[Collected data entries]
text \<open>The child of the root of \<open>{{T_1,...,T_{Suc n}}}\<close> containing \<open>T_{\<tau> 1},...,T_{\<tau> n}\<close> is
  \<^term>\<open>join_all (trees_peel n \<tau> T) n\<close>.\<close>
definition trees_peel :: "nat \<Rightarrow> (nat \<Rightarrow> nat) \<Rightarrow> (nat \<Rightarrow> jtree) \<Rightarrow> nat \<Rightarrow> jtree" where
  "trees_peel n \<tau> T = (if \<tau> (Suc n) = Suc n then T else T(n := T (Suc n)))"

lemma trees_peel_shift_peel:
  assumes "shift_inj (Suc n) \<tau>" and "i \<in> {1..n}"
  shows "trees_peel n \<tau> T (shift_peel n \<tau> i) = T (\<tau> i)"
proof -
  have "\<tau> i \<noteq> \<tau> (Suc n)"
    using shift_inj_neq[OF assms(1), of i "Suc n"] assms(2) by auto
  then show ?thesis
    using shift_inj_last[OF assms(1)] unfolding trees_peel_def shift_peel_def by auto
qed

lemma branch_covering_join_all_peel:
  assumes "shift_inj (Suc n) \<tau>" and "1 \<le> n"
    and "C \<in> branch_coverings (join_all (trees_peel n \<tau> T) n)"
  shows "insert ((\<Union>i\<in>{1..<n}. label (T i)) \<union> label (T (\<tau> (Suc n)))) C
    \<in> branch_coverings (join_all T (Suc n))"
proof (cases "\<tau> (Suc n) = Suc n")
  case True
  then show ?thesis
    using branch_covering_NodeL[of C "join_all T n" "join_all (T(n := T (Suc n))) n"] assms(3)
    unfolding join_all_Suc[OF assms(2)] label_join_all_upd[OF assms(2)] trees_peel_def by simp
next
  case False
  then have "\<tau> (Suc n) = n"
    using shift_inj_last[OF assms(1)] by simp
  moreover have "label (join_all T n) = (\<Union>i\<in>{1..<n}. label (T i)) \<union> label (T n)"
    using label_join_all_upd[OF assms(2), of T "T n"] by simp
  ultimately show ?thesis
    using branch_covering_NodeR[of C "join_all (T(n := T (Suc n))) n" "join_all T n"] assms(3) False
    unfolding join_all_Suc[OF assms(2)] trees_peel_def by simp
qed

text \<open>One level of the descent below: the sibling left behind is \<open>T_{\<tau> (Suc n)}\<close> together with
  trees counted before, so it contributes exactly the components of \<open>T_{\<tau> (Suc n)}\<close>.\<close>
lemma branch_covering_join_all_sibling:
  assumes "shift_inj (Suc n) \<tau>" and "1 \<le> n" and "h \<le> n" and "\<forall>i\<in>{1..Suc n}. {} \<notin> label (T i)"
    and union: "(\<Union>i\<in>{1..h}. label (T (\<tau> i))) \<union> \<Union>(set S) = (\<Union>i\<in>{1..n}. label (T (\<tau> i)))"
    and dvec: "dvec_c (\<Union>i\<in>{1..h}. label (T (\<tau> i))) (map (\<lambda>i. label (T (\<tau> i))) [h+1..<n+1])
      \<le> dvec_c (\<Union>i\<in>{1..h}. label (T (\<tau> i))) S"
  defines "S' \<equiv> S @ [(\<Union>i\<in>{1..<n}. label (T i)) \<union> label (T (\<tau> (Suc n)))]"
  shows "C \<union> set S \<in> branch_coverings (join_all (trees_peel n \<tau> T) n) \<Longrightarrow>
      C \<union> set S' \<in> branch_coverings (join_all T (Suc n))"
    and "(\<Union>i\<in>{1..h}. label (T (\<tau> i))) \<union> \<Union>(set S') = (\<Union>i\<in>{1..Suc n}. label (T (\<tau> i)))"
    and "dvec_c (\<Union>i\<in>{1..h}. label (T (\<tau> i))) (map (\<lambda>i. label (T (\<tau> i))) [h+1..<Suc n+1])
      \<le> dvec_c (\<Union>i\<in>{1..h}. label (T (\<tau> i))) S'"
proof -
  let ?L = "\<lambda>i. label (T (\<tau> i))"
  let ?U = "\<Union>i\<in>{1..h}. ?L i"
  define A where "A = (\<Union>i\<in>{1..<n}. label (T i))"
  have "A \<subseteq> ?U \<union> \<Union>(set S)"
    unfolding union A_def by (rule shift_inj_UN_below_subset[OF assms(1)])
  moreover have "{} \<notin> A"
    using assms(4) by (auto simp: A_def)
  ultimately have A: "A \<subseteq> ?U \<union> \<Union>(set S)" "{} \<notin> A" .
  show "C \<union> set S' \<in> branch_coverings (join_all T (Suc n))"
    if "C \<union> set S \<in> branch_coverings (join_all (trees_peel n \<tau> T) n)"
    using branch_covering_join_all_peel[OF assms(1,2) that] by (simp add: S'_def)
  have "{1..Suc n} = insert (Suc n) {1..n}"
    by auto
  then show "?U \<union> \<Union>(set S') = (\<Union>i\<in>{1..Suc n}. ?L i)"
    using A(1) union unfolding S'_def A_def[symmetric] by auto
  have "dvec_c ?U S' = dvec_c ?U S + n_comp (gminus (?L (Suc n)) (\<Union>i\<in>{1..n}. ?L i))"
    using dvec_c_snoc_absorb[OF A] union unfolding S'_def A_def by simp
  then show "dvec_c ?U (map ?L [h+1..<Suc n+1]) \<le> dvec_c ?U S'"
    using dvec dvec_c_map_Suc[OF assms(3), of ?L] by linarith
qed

> [What to produce] Provide a faithful, complete copy of the entries above.

> [Written answer]
text \<open>The child of the root of \<open>{{T_1,...,T_{Suc n}}}\<close> containing \<open>T_{\<tau> 1},...,T_{\<tau> n}\<close> is
  \<^term>\<open>join_all (trees_peel n \<tau> T) n\<close>.\<close>
definition trees_peel :: "nat \<Rightarrow> (nat \<Rightarrow> nat) \<Rightarrow> (nat \<Rightarrow> jtree) \<Rightarrow> nat \<Rightarrow> jtree" where
  "trees_peel n \<tau> T = (if \<tau> (Suc n) = Suc n then T else T(n := T (Suc n)))"

lemma trees_peel_shift_peel:
  assumes "shift_inj (Suc n) \<tau>" and "i \<in> {1..n}"
  shows "trees_peel n \<tau> T (shift_peel n \<tau> i) = T (\<tau> i)"
proof -
  have "\<tau> i \<noteq> \<tau> (Suc n)"
    using shift_inj_neq[OF assms(1), of i "Suc n"] assms(2) by auto
  then show ?thesis
    using shift_inj_last[OF assms(1)] unfolding trees_peel_def shift_peel_def by auto
qed

lemma branch_covering_join_all_peel:
  assumes "shift_inj (Suc n) \<tau>" and "1 \<le> n"
    and "C \<in> branch_coverings (join_all (trees_peel n \<tau> T) n)"
  shows "insert ((\<Union>i\<in>{1..<n}. label (T i)) \<union> label (T (\<tau> (Suc n)))) C
    \<in> branch_coverings (join_all T (Suc n))"
proof (cases "\<tau> (Suc n) = Suc n")
  case True
  then show ?thesis
    using branch_covering_NodeL[of C "join_all T n" "join_all (T(n := T (Suc n))) n"] assms(3)
    unfolding join_all_Suc[OF assms(2)] label_join_all_upd[OF assms(2)] trees_peel_def by simp
next
  case False
  then have "\<tau> (Suc n) = n"
    using shift_inj_last[OF assms(1)] by simp
  moreover have "label (join_all T n) = (\<Union>i\<in>{1..<n}. label (T i)) \<union> label (T n)"
    using label_join_all_upd[OF assms(2), of T "T n"] by simp
  ultimately show ?thesis
    using branch_covering_NodeR[of C "join_all (T(n := T (Suc n))) n" "join_all T n"] assms(3) False
    unfolding join_all_Suc[OF assms(2)] trees_peel_def by simp
qed

text \<open>One level of the descent below: the sibling left behind is \<open>T_{\<tau> (Suc n)}\<close> together with
  trees counted before, so it contributes exactly the components of \<open>T_{\<tau> (Suc n)}\<close>.\<close>
lemma branch_covering_join_all_sibling:
  assumes "shift_inj (Suc n) \<tau>" and "1 \<le> n" and "h \<le> n" and "\<forall>i\<in>{1..Suc n}. {} \<notin> label (T i)"
    and union: "(\<Union>i\<in>{1..h}. label (T (\<tau> i))) \<union> \<Union>(set S) = (\<Union>i\<in>{1..n}. label (T (\<tau> i)))"
    and dvec: "dvec_c (\<Union>i\<in>{1..h}. label (T (\<tau> i))) (map (\<lambda>i. label (T (\<tau> i))) [h+1..<n+1])
      \<le> dvec_c (\<Union>i\<in>{1..h}. label (T (\<tau> i))) S"
  defines "S' \<equiv> S @ [(\<Union>i\<in>{1..<n}. label (T i)) \<union> label (T (\<tau> (Suc n)))]"
  shows "C \<union> set S \<in> branch_coverings (join_all (trees_peel n \<tau> T) n) \<Longrightarrow>
      C \<union> set S' \<in> branch_coverings (join_all T (Suc n))"
    and "(\<Union>i\<in>{1..h}. label (T (\<tau> i))) \<union> \<Union>(set S') = (\<Union>i\<in>{1..Suc n}. label (T (\<tau> i)))"
    and "dvec_c (\<Union>i\<in>{1..h}. label (T (\<tau> i))) (map (\<lambda>i. label (T (\<tau> i))) [h+1..<Suc n+1])
      \<le> dvec_c (\<Union>i\<in>{1..h}. label (T (\<tau> i))) S'"
proof -
  let ?L = "\<lambda>i. label (T (\<tau> i))"
  let ?U = "\<Union>i\<in>{1..h}. ?L i"
  define A where "A = (\<Union>i\<in>{1..<n}. label (T i))"
  have "A \<subseteq> ?U \<union> \<Union>(set S)"
    unfolding union A_def by (rule shift_inj_UN_below_subset[OF assms(1)])
  moreover have "{} \<notin> A"
    using assms(4) by (auto simp: A_def)
  ultimately have A: "A \<subseteq> ?U \<union> \<Union>(set S)" "{} \<notin> A" .
  show "C \<union> set S' \<in> branch_coverings (join_all T (Suc n))"
    if "C \<union> set S \<in> branch_coverings (join_all (trees_peel n \<tau> T) n)"
    using branch_covering_join_all_peel[OF assms(1,2) that] by (simp add: S'_def)
  have "{1..Suc n} = insert (Suc n) {1..n}"
    by auto
  then show "?U \<union> \<Union>(set S') = (\<Union>i\<in>{1..Suc n}. ?L i)"
    using A(1) union unfolding S'_def A_def[symmetric] by auto
  have "dvec_c ?U S' = dvec_c ?U S + n_comp (gminus (?L (Suc n)) (\<Union>i\<in>{1..n}. ?L i))"
    using dvec_c_snoc_absorb[OF A] union unfolding S'_def A_def by simp
  then show "dvec_c ?U (map ?L [h+1..<Suc n+1]) \<le> dvec_c ?U S'"
    using dvec dvec_c_map_Suc[OF assms(3), of ?L] by linarith
qed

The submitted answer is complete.